Private Blockchain vs Traditional Centralized Database
Private Blockchain vs Traditional Centralized Database
The discussion around the blockchain and traditional databases has been active for a long time. The main question is: which of the two different systems is better?
Every blockchain is a distributed ledger, but not every distributed ledger is a blockchain. Each of these concepts requires decentralization and consensus among nodes. However, the blockchain organizes the data in blocks and updates the records using the structure for adding only. Distributed ledgers and targeted blocks are conceptual breakthroughs in information management.
But first you need to know about the two types of blockchain and the difference between them.
The public blockchain works on the contrary, it is open, all participants have the same rights, the information in such a blockchain is public, which determines the validity of transactions and the consensus process. Thus, private blockchain have a completely different level of security than the public blockchain.
Distributed ledgers are common databases with different access rights that determine which types of changes can be made using any objects.

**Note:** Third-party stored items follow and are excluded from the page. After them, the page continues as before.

(* For every tree $T=(V,E,w)$ whose cost function $w$ is down-monotonic and rounded, there exists an optimal extended strategy function for $T$ that is aligned.
   Context: $w$ is down-monotonic if there is a vertex $r$ such that $w(v)\le w(u)$ whenever $v$ lies on the path between $r$ and $u$; $w$ is rounded if each $w(u)$ equals $2^j$ for a nonnegative integer $j$. Intervals are of the form $[a,b)$ with integers $0\le a<b$, $|[a,b)|=b-a$; for $I=[a,b)$, $I'=[a',b')$ write $I>I'$ iff $a\ge b'$. An extended strategy function for $T$ is a map $f$ assigning to each vertex $u$ an interval $f(u)$ with $|f(u)|\ge w(u)$, such that for any distinct $v_1,v_2$ with $f(v_1)\cap f(v_2)\ne\emptyset$, the path between $v_1$ and $v_2$ contains a vertex $v_3$ with $f(v_3)>f(v_1)$ and $f(v_3)>f(v_2)$. It is optimal if $\sup\bigcup_{u\in V}f(u)$ is minimum among all extended strategy functions for $T$. A vertex $u$ is aligned if both endpoints of $f(u)$ are multiples of $w(u)$, and $f$ is aligned if every vertex is aligned. *)

theory Defs
  imports Main
begin

definition walk :: "'a rel \<Rightarrow> 'a list \<Rightarrow> bool" where
  "walk E xs \<longleftrightarrow> (\<forall>i. Suc i < length xs \<longrightarrow> (xs ! i, xs ! Suc i) \<in> E)"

The importance of distributed ecosystems at the enterprise level arises from the ability to eliminate data reconciliation between the actors involved. This is especially true for financial institutions that trade with each other.
Today, a lot of effort in back offices is spent on reconciling records between different institutions. Distributed ledgers allow financial institutions to maintain a structured common transaction database. This allows each participating institution to read data from a distributed book and ensure that it is valid and consistent with data stored in other participating organizations.
Distributed data books are based on a wide variety of blockchains, for example, on Ethereum. However, they all differ in their fundamental characteristics of access and security.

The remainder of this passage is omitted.